There were several limitations in the current meta-analysis. First, in spite of the documented sympathomimetic (i.e., cardiovascular stimulatory) properties of ketamine [53] and the known association between obesity and cardiovascular disease [54], the present study was unable to address the safety issue regarding ketamine use. Second, heterogeneity among studies was significant (i.e., I2 > 50%) for four of the outcomes (i.e., 1-h postoperative pain score, morphine consumption within six postoperative hours, pain outcomes at postoperative 12–24 h, and morphine consumption at postoperative 16–24 h). Such heterogeneity may have resulted from variations in methodologies and clinical factors across the studies. After exclusion of the outlier study for each outcome, the degree of heterogeneity dropped below 50% without a negative impact on the outcomes, indicating heterogeneity did not significantly impact the overall results. The consistent findings supported the application our results in clinical practice. Third, despite the wide support of low-dose ketamine use in the treatment of postoperative pain from current literature, there is no consensus on the definition of “low-dose” ketamine [41, 55]. Fourth, since only short-term pain outcomes were available in the current study, investigation into the long-term effect (e.g., chronic surgical pain) of ketamine was not feasible.
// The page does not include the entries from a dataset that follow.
(* The function $$q_\intercal(x',\tau,\xi')=\int_{\mathbb R}\frac{\theta\!\left(\dfrac{p(x',0,\tau,\xi)}{1+\xi_n^2+|\xi'|^2_{x'}+\tau^2}\right)}{p(x',0,\tau,\xi)}\,d\xi_n,\qquad \xi=(\xi',\xi_n),$$ belongs to the symbol class $\mathsf S^{-1}(\mathbb R_t\times\mathbb R^{n-1}_{x'})$ (Hörmander class $S^{-1}_{1,0}$ in the variables $(t,x')$ with dual variables $(\tau,\xi')$).
   Context: Let $\alpha^{ij}$ ($1\le i,j\le n-1$) be real, symmetric, smooth functions on $\mathbb R^n$ with bounded derivatives of all orders, with $\xi_n^2+\sum\alpha^{ij}(x)\xi_i\xi_j$ uniformly elliptic. Write $|\xi'|^2_x=\sum_{i,j\le n-1}\alpha^{ij}(x)\xi_i\xi_j$, $|\xi'|_{x'}=|\xi'|_{(x',0)}$, and $p(x,\tau,\xi)=-\tau^2+\xi_n^2+|\xi'|^2_x$. Fix $\theta\in\mathscr C^\infty(\mathbb R,[0,1])$ with $\theta(\sigma)=1$ for $\sigma\ge1/5$ and $\theta(\sigma)=0$ for $\sigma\le1/10$ (so the integrand vanishes wherever $p\le0$). *)

theory Defs
  imports "HOL-Analysis.Analysis"
begin

definition dpartial :: "'a::real_normed_vector \<Rightarrow> ('a \<Rightarrow> real) \<Rightarrow> 'a \<Rightarrow> real" where
  "dpartial v f x = deriv (\<lambda>s. f (x + s *\<^sub>R v)) 0"

fun iter_partial :: "'a::real_normed_vector list \<Rightarrow> ('a \<Rightarrow> real) \<Rightarrow> 'a \<Rightarrow> real" where
  "iter_partial [] f = f"
| "iter_partial (v # vs) f = dpartial v (iter_partial vs f)"

definition smooth_fun :: "('a::euclidean_space \<Rightarrow> real) \<Rightarrow> bool" where
  "smooth_fun f \<longleftrightarrow> (\<forall>vs. set vs \<subseteq> Basis \<longrightarrow> (\<forall>x. iter_partial vs f differentiable (at x)))"

definition bounded_derivs :: "('a::euclidean_space \<Rightarrow> real) \<Rightarrow> bool" where
  "bounded_derivs f \<longleftrightarrow> (\<forall>vs. set vs \<subseteq> Basis \<longrightarrow> bounded (range (iter_partial vs f)))"

text \<open>Basis vectors of 'a x 'a are (b,0) (z-directions) and (0,b) (zeta-directions).\<close>
definition symbol_class :: "real \<Rightarrow> ('a::euclidean_space \<Rightarrow> 'a \<Rightarrow> real) \<Rightarrow> bool" where
  "symbol_class m a \<longleftrightarrow>
     smooth_fun (\<lambda>w. a (fst w) (snd w)) \<and>
     (\<forall>vs. set vs \<subseteq> (Basis :: ('a \<times> 'a) set) \<longrightarrow>
        (\<exists>C. \<forall>z \<zeta>. \<bar>iter_partial vs (\<lambda>w. a (fst w) (snd w)) (z, \<zeta>)\<bar>
                 \<le> C * (1 + norm \<zeta>) powr (m - real (length (filter (\<lambda>v. fst v = 0) vs)))))"

text \<open>Points of R^n are written (x', x_n) with x' in R^(n-1) = real^'m.
  metric_sq alpha x xi' = |xi'|^2_x = sum_{i,j} alpha^{ij}(x) xi_i xi_j.\<close>
definition metric_sq :: "('m::finite \<Rightarrow> 'm \<Rightarrow> ((real^'m) \<times> real) \<Rightarrow> real) \<Rightarrow> (real^'m) \<times> real \<Rightarrow> real^'m \<Rightarrow> real" where
  "metric_sq \<alpha> x \<xi>' = (\<Sum>i\<in>UNIV. \<Sum>j\<in>UNIV. \<alpha> i j x * \<xi>' $ i * \<xi>' $ j)"

definition p_bdry :: "('m::finite \<Rightarrow> 'm \<Rightarrow> ((real^'m) \<times> real) \<Rightarrow> real) \<Rightarrow> real^'m \<Rightarrow> real \<Rightarrow> real^'m \<Rightarrow> real \<Rightarrow> real" where
  "p_bdry \<alpha> x' \<tau> \<xi>' \<xi>n = \<xi>n^2 + metric_sq \<alpha> (x', 0) \<xi>' - \<tau>^2"

definition q_T :: "('m::finite \<Rightarrow> 'm \<Rightarrow> ((real^'m) \<times> real) \<Rightarrow> real) \<Rightarrow> (real \<Rightarrow> real) \<Rightarrow> real^'m \<Rightarrow> real \<Rightarrow> real^'m \<Rightarrow> real" where
  "q_T \<alpha> \<theta> x' \<tau> \<xi>' = (LINT \<xi>n|lborel.
      \<theta> (p_bdry \<alpha> x' \<tau> \<xi>' \<xi>n / (1 + \<xi>n^2 + metric_sq \<alpha> (x', 0) \<xi>' + \<tau>^2)) / p_bdry \<alpha> x' \<tau> \<xi>' \<xi>n)"

end

theory Submission
  imports Defs "HOL-Probability.Sinc_Integral"
begin

text \<open>With \<open>P = \<xi>\<^sub>n\<^sup>2 + |\<xi>'|\<^sup>2\<^sub>x\<^sub>' - \<tau>\<^sup>2\<close> and \<open>W = 1 + \<xi>\<^sub>n\<^sup>2 + |\<xi>'|\<^sup>2\<^sub>x\<^sub>' + \<tau>\<^sup>2\<close>,
  the integrand is \<open>\<Phi>(P/W) W\<^sup>-\<^sup>1\<close> where \<open>\<Phi>(\<sigma>) = \<theta>(\<sigma>)/\<sigma>\<close> is smooth because \<open>\<theta>\<close> vanishes
  for \<open>\<sigma> \<le> 1/10\<close>. Since \<open>P\<close> and \<open>W\<close> are quadratic in the dual variables with coefficients
  having bounded derivatives, \<open>W\<close> is elliptic and \<open>|P/W| \<le> 1\<close>, the integrand is a symbol of
  order \<open>-2\<close> in the joint variable \<open>(\<tau>, \<xi>', \<xi>\<^sub>n)\<close>, uniformly in \<open>(t, x')\<close>: such symbols are
  closed under products, inverses of elliptic elements and composition with smooth functions.
  Integrating \<open>\<langle>\<tau>, \<xi>', \<xi>\<^sub>n\<rangle>\<^sup>-\<^sup>2\<^sup>-\<^sup>j\<close> over \<open>\<xi>\<^sub>n\<close> gives \<open>O(\<langle>\<tau>, \<xi>'\<rangle>\<^sup>-\<^sup>1\<^sup>-\<^sup>j)\<close>, and
  differentiation under the integral sign is justified by a second-order Taylor bound on the
  integrand that is integrable in \<open>\<xi>\<^sub>n\<close>.\<close>

declare split_paired_All[simp del] split_paired_Ex[simp del]

lemma dpartial_eq_derivative:
  assumes "(f has_derivative D) (at x)"
  shows "dpartial v f x = D v"
proof -
  have "((\<lambda>s. x + s *\<^sub>R v) has_derivative (\<lambda>s. s *\<^sub>R v)) (at 0)"
    by (auto intro!: derivative_eq_intros)
  moreover have "(f has_derivative D) (at (x + 0 *\<^sub>R v))" using assms by simp
  ultimately have "((\<lambda>s. f (x + s *\<^sub>R v)) has_derivative (\<lambda>s. D (s *\<^sub>R v))) (at 0)"
    using has_derivative_compose[of "\<lambda>s. x + s *\<^sub>R v" _ 0 UNIV f D] by (simp add: o_def)
  moreover have "(\<lambda>s. D (s *\<^sub>R v)) = (*) (D v)"
    using has_derivative_linear[OF assms] by (auto simp add: linear_scale)
  ultimately have "((\<lambda>s. f (x + s *\<^sub>R v)) has_real_derivative D v) (at 0)"
    by (simp add: has_field_derivative_def)
  then show ?thesis unfolding dpartial_def by (rule DERIV_imp_deriv)
qed

lemma dpartial_frechet_derivative:
  "f differentiable (at x) \<Longrightarrow> dpartial v f x = frechet_derivative f (at x) v"
  by (rule dpartial_eq_derivative[OF frechet_derivative_works[THEN iffD1]])

lemma has_derivative_sum_dpartial:
  fixes f :: "'a::euclidean_space \<Rightarrow> real"
  assumes "(f has_derivative D) (at x)"
  shows "(f has_derivative (\<lambda>u. \<Sum>b\<in>Basis. (u \<bullet> b) * dpartial b f x)) (at x)"
proof -
  have "D u = (\<Sum>b\<in>Basis. (u \<bullet> b) * dpartial b f x)" for u
  proof -
    have "D u = D (\<Sum>b\<in>Basis. (u \<bullet> b) *\<^sub>R b)" by (simp add: euclidean_representation)
    also have "\<dots> = (\<Sum>b\<in>Basis. (u \<bullet> b) * D b)"
      using has_derivative_linear[OF assms] by (simp add: linear_sum linear_scale)
    finally show ?thesis using dpartial_eq_derivative[OF assms] by simp
  qed
  then have "D = (\<lambda>u. \<Sum>b\<in>Basis. (u \<bullet> b) * dpartial b f x)" by auto
  then show ?thesis using assms by simp
qed

lemma dpartial_const [simp]: "dpartial v (\<lambda>x. c) x = 0"
  unfolding dpartial_def by simp

lemma dpartial_zero_direction [simp]: "dpartial 0 f x = 0"
  unfolding dpartial_def by simp

lemma sum_Basis_inner_mult:
  fixes v :: "'a::euclidean_space"
  assumes "v \<in> Basis"
  shows "(\<Sum>b\<in>Basis. (v \<bullet> b) * F b) = F v"
proof -
  have "(\<Sum>b\<in>Basis. (v \<bullet> b) * F b) = (\<Sum>b\<in>Basis. if b = v then F b else 0)"
    by (rule sum.cong) (use assms in \<open>auto simp: inner_Basis\<close>)
  also have "\<dots> = F v" using assms by (simp add: sum.delta')
  finally show ?thesis .
qed

lemma iter_partial_append: "iter_partial (vs @ ws) f = iter_partial vs (iter_partial ws f)"
  by (induction vs) auto

lemma smooth_fun_dpartial: "smooth_fun f \<Longrightarrow> b \<in> Basis \<Longrightarrow> smooth_fun (dpartial b f)"
  unfolding smooth_fun_def
proof (intro allI impI)
  fix vs :: "'a list" and x
  assume "\<forall>vs. set vs \<subseteq> Basis \<longrightarrow> (\<forall>x. iter_partial vs f differentiable (at x))"
    and "b \<in> Basis" and "set vs \<subseteq> Basis"
  then have "iter_partial (vs @ [b]) f differentiable (at x)" by simp
  then show "iter_partial vs (dpartial b f) differentiable (at x)" by (simp add: iter_partial_append)
qed

lemma bounded_derivs_dpartial: "bounded_derivs f \<Longrightarrow> b \<in> Basis \<Longrightarrow> bounded_derivs (dpartial b f)"
  unfolding bounded_derivs_def
proof (intro allI impI)
  fix vs :: "'a list"
  assume "\<forall>vs. set vs \<subseteq> Basis \<longrightarrow> bounded (range (iter_partial vs f))"
    and "b \<in> Basis" and "set vs \<subseteq> Basis"
  then have "bounded (range (iter_partial (vs @ [b]) f))" by simp
  then show "bounded (range (iter_partial vs (dpartial b f)))" by (simp add: iter_partial_append)
qed

lemma smooth_fun_differentiable: "smooth_fun f \<Longrightarrow> f differentiable (at x)"
  unfolding smooth_fun_def by (metis empty_subsetI iter_partial.simps(1) set_empty)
Fifth, outcomes regarding postoperative hyperalgesia were unavailable because not all studies provided the relevant information. Finally, the limited data in current meta-analysis warrant further studies to support our findings.

Conclusions

This meta-analytical study is the first to assess the association of perioperative ketamine use with postoperative opioid consumption and changes in pain score in patients undergoing bariatric surgeries. The results demonstrated a correlation between perioperative ketamine use and a significantly lower opioid consumption within postoperative 6 h and a reduced pain score within 1 h after surgery compared to those in the control group. Nevertheless, ketamine use had no impact on postoperative morphine consumption at 16–24 h, pain score at 12–24 h, and the risk of postoperative nausea/vomiting. The limited number of trials included in the present investigation warrants further large-scale studies to validate our findings.